Exercise prompt
Check every line of the entries for "generator", and copy the lines that hold it.

[Data for processing Boundary: Start]

(* For real $\alpha\ne0$ and real $\beta$, let $F_{\alpha,\beta}(x)=\bigl(1+\frac{\alpha}{x}\bigr)^{x+\beta}$, defined for $x>\max\{0,-\alpha\}$ or $x<\min\{0,-\alpha\}$. Then: (1) For $\alpha<0$: $F_{\alpha,\beta}\in\mathcal{C_L}[(-\alpha,\infty)]$ if and only if $\beta\le\alpha$; and $1/F_{\alpha,\beta}\in\mathcal{C_L}[(-\alpha,\infty)]$ if and only if $2\beta\ge\alpha$. (2) For $\alpha>0$: $F_{\alpha,\beta}\in\mathcal{C_L}[(0,\infty)]$ if and only if $2\beta\ge\alpha$; and $1/F_{\alpha,\beta}\in\mathcal{C_L}[(0,\infty)]$ if and only if $\beta\le0$. (3) For $\alpha<0$: $F_{\alpha,\beta}\in\mathcal{A_L}[(-\infty,0)]$ if and only if $\beta\ge0$; and $1/F_{\alpha,\beta}\in\mathcal{A_L}[(-\infty,0)]$ if and only if $2\beta\le\alpha$. (4) For $\alpha>0$: $F_{\alpha,\beta}\in\mathcal{A_L}[(-\infty,-\alpha)]$ if and only if $2\beta\le\alpha$; and $1/F_{\alpha,\beta}\in\mathcal{A_L}[(-\infty,-\alpha)]$ if and only if $\beta\ge\alpha$.
   Context: For an interval $I$: a positive function $f$ is logarithmically completely monotonic on $I$ if it has derivatives of all orders on $I$ and $(-1)^k[\ln f(x)]^{(k)}\ge0$ for all $x\in I$ and all positive integers $k$; the set of such functions is $\mathcal{C_L}[I]$. A positive function $f$ is logarithmically absolutely monotonic on $I$ if it has derivatives of all orders on $I$ and $[\ln f(x)]^{(k)}\ge0$ for all $x\in I$ and all positive integers $k$; the set of such functions is $\mathcal{A_L}[I]$. *)

theory Defs
  imports "HOL-Analysis.Analysis"
begin

text \<open>Derivatives of all orders on I: every iterated derivative is differentiable at
every point of I (the intervals used are open, so this is local to I).\<close>

definition smooth_on :: "(real \<Rightarrow> real) \<Rightarrow> real set \<Rightarrow> bool" where
  "smooth_on f I \<longleftrightarrow> (\<forall>k. \<forall>x\<in>I. ((deriv ^^ k) f) differentiable (at x))"

definition log_completely_monotonic_on :: "(real \<Rightarrow> real) \<Rightarrow> real set \<Rightarrow> bool" where
  "log_completely_monotonic_on f I \<longleftrightarrow>
     (\<forall>x\<in>I. f x > 0) \<and> smooth_on f I \<and>
     (\<forall>k::nat. k \<ge> 1 \<longrightarrow> (\<forall>x\<in>I. (-1) ^ k * (deriv ^^ k) (\<lambda>y. ln (f y)) x \<ge> 0))"

definition log_absolutely_monotonic_on :: "(real \<Rightarrow> real) \<Rightarrow> real set \<Rightarrow> bool" where
  "log_absolutely_monotonic_on f I \<longleftrightarrow>
     (\<forall>x\<in>I. f x > 0) \<and> smooth_on f I \<and>
     (\<forall>k::nat. k \<ge> 1 \<longrightarrow> (\<forall>x\<in>I. (deriv ^^ k) (\<lambda>y. ln (f y)) x \<ge> 0))"

text \<open>F_{alpha,beta}(x) = (1 + alpha/x)^(x+beta); on the domains considered 1 + alpha/x > 0.\<close>
definition F :: "real \<Rightarrow> real \<Rightarrow> real \<Rightarrow> real" where
  "F \<alpha> \<beta> x = (1 + \<alpha> / x) powr (x + \<beta>)"

end

theory Submission
  imports Defs
begin

text \<open>
  Put \<open>g x = ln (F a b x) = (x + b) ln (1 + a / x)\<close>. By the Leibniz rule its \<open>k\<close>-th derivative
  is \<open>(x + b) L\<^sub>k + k L\<^sub>k\<^sub>-\<^sub>1\<close>, where \<open>L\<^sub>j\<close> is the explicit \<open>j\<close>-th derivative of \<open>ln (1 + a / x)\<close>.
  The identities \<open>F a b x = 1 / F (-a) (b - a) (x + a)\<close> and \<open>F a b (-x) = 1 / F (-a) (-b) x\<close>
  reduce all eight equivalences to the logarithmic complete monotonicity of \<open>F a b\<close> and \<open>1 / F a b\<close>
  on \<open>(0, \<infinity>)\<close> for \<open>a > 0\<close>. There the second derivative of \<open>g\<close> is
  \<open>a ((2 b - a) x + a b) / (x (x + a))\<^sup>2\<close>, and its sign for all \<open>x > 0\<close> forces the conditions
  on \<open>b\<close>. Conversely, for \<open>k \<ge> 2\<close> the quantity \<open>(x (x + a))\<^sup>k g\<^sup>(\<^sup>k\<^sup>)\<close> is, up to the factor
  \<open>(-1)\<^sup>k (k - 2)!\<close>, a polynomial in \<open>p = x\<close> and \<open>q = x + a\<close> that is affine and increasing in
  \<open>b\<close>; its signs at \<open>b = 0\<close> and \<open>b = a / 2\<close> follow from bounds on the mixed power sum
  \<open>\<Sum>i<m. q\<^sup>i\<^sup>+\<^sup>1 p\<^sup>m\<^sup>-\<^sup>i\<close>. The first derivative is handled by
  \<open>1 - 1 / y \<le> ln y \<le> (y - 1 / y) / 2\<close> for \<open>y \<ge> 1\<close>. Finally, \<open>F\<close> and \<open>1 / F\<close> are smooth
  because they lie in an algebra of functions that is closed under differentiation.
\<close>

section \<open>Smoothness via algebras closed under differentiation\<close>

lemma iterated_deriv_eqI:
  assumes "open S" and "\<And>x. x \<in> S \<Longrightarrow> f x = D 0 x"
    and "\<And>k x. x \<in> S \<Longrightarrow> (D k has_real_derivative D (Suc k) x) (at x)"
    and "x \<in> S"
  shows "(deriv ^^ k) f x = D k x"
  using \<open>x \<in> S\<close>
proof (induction k arbitrary: x)
  case 0
  then show ?case using assms(2) by simp
next
  case (Suc k)
  have "eventually (\<lambda>y. (deriv ^^ k) f y = D k y) (nhds x)"
    using eventually_nhds_in_open[OF \<open>open S\<close> Suc.prems] by (rule eventually_mono) (use Suc.IH in auto)
  then have "deriv ((deriv ^^ k) f) x = deriv (D k) x" by (rule deriv_cong_ev) simp
  then show ?case using DERIV_imp_deriv[OF assms(3)[OF Suc.prems]] by simp
qed

lemma smooth_onI_derivative_closed:
  assumes "open S" and "f \<in> C"
    and closed: "\<And>g. g \<in> C \<Longrightarrow> \<exists>g'\<in>C. \<forall>x\<in>S. (g has_real_derivative g' x) (at x)"
  shows "smooth_on f S"
proof -
  have "\<exists>g\<in>C. \<forall>x\<in>S. ((deriv ^^ k) f has_real_derivative g x) (at x)" for k
  proof (induction k)
    case 0
    then show ?case using closed[OF \<open>f \<in> C\<close>] by simp
  next
    case (Suc k)
    then obtain g where "g \<in> C" and g: "\<forall>x\<in>S. ((deriv ^^ k) f has_real_derivative g x) (at x)"
      by blast
    obtain g' where "g' \<in> C" and g': "\<forall>x\<in>S. (g has_real_derivative g' x) (at x)"
      using closed[OF \<open>g \<in> C\<close>] by blast
    have "((deriv ^^ Suc k) f has_real_derivative g' x) (at x)" if "x \<in> S" for x
    proof (rule has_field_derivative_transform_within_open[OF _ \<open>open S\<close> that])
      show "(g has_real_derivative g' x) (at x)" using g' that by blast
      show "g y = (deriv ^^ Suc k) f y" if "y \<in> S" for y
        using g that by (simp add: DERIV_imp_deriv[symmetric])
    qed
    then show ?case using \<open>g' \<in> C\<close> by blast
  qed
  then show ?thesis unfolding smooth_on_def real_differentiable_def by blast
qed

inductive_set function_algebra :: "(real \<Rightarrow> real) set \<Rightarrow> (real \<Rightarrow> real) set"
  for G :: "(real \<Rightarrow> real) set" where
  generator: "g \<in> G \<Longrightarrow> g \<in> function_algebra G"
| const: "(\<lambda>x. c) \<in> function_algebra G"
| add: "f \<in> function_algebra G \<Longrightarrow> g \<in> function_algebra G \<Longrightarrow> (\<lambda>x. f x + g x) \<in> function_algebra G"
| mult: "f \<in> function_algebra G \<Longrightarrow> g \<in> function_algebra G \<Longrightarrow> (\<lambda>x. f x * g x) \<in> function_algebra G"

lemma function_algebra_derivative_closed:
  assumes "\<And>g. g \<in> G \<Longrightarrow> \<exists>g'\<in>function_algebra G. \<forall>x\<in>S. (g has_real_derivative g' x) (at x)"
    and "f \<in> function_algebra G"
  shows "\<exists>f'\<in>function_algebra G. \<forall>x\<in>S. (f has_real_derivative f' x) (at x)"
  using assms(2)
proof induction
  case (generator g)
  then show ?case by (rule assms(1))
next
  case (const c)
  show ?case by (intro bexI[of _ "\<lambda>x. 0"]) (auto intro: function_algebra.const)
next
  case (add f g)
  then obtain f' g' where "f' \<in> function_algebra G" "g' \<in> function_algebra G"
    and "\<forall>x\<in>S. (f has_real_derivative f' x) (at x)" "\<forall>x\<in>S. (g has_real_derivative g' x) (at x)"
    by blast
  then show ?case
    by (intro bexI[of _ "\<lambda>x. f' x + g' x"]) (auto intro: function_algebra.add DERIV_add)
next
  case (mult f g)
  then obtain f' g' where "f' \<in> function_algebra G" "g' \<in> function_algebra G"
    and "\<forall>x\<in>S. (f has_real_derivative f' x) (at x)" "\<forall>x\<in>S. (g has_real_derivative g' x) (at x)"
    by blast
  then show ?case
    by (intro bexI[of _ "\<lambda>x. f x * g' x + f' x * g x"])
      (auto intro!: function_algebra.add function_algebra.mult DERIV_mult' mult.hyps)
qed

lemma function_algebra_uminus:
  "f \<in> function_algebra G \<Longrightarrow> (\<lambda>x. - f x) \<in> function_algebra G"
  using function_algebra.mult[OF function_algebra.const[of "-1"]] by simp

lemma has_real_derivative_one_over_power:
  assumes "x + c \<noteq> 0"
  shows "((\<lambda>y. 1 / (y + c) ^ n) has_real_derivative - real n * (1 / (x + c) ^ Suc n)) (at x)"
proof (cases n)
  case (Suc m)
  have "((\<lambda>y. (y + c) ^ n) has_real_derivative real n * (x + c) ^ m) (at x)"
    using DERIV_power[OF DERIV_add[OF DERIV_ident DERIV_const[of c]], of n] Suc by simp
  from DERIV_inverse_fun[OF this] have "((\<lambda>y. inverse ((y + c) ^ n)) has_real_derivative
          - (real n * (x + c) ^ m * inverse (((x + c) ^ n) ^ Suc (Suc 0)))) (at x)"
    using assms by simp
  moreover have "((x + c) ^ n) ^ Suc (Suc 0) = (x + c) ^ m * (x + c) ^ Suc n"
    unfolding power_mult[symmetric] power_add[symmetric] using Suc by simp
  then have "- (real n * (x + c) ^ m * inverse (((x + c) ^ n) ^ Suc (Suc 0)))
      = - real n * (1 / (x + c) ^ Suc n)"
    using assms by (simp add: divide_inverse)
  ultimately show ?thesis
    unfolding divide_inverse mult_1_left by (rule DERIV_cong)
qed simp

[Data for processing Boundary: End]

Response box
  generator: "g \<in> G \<Longrightarrow> g \<in> function_algebra G"
  case (generator g)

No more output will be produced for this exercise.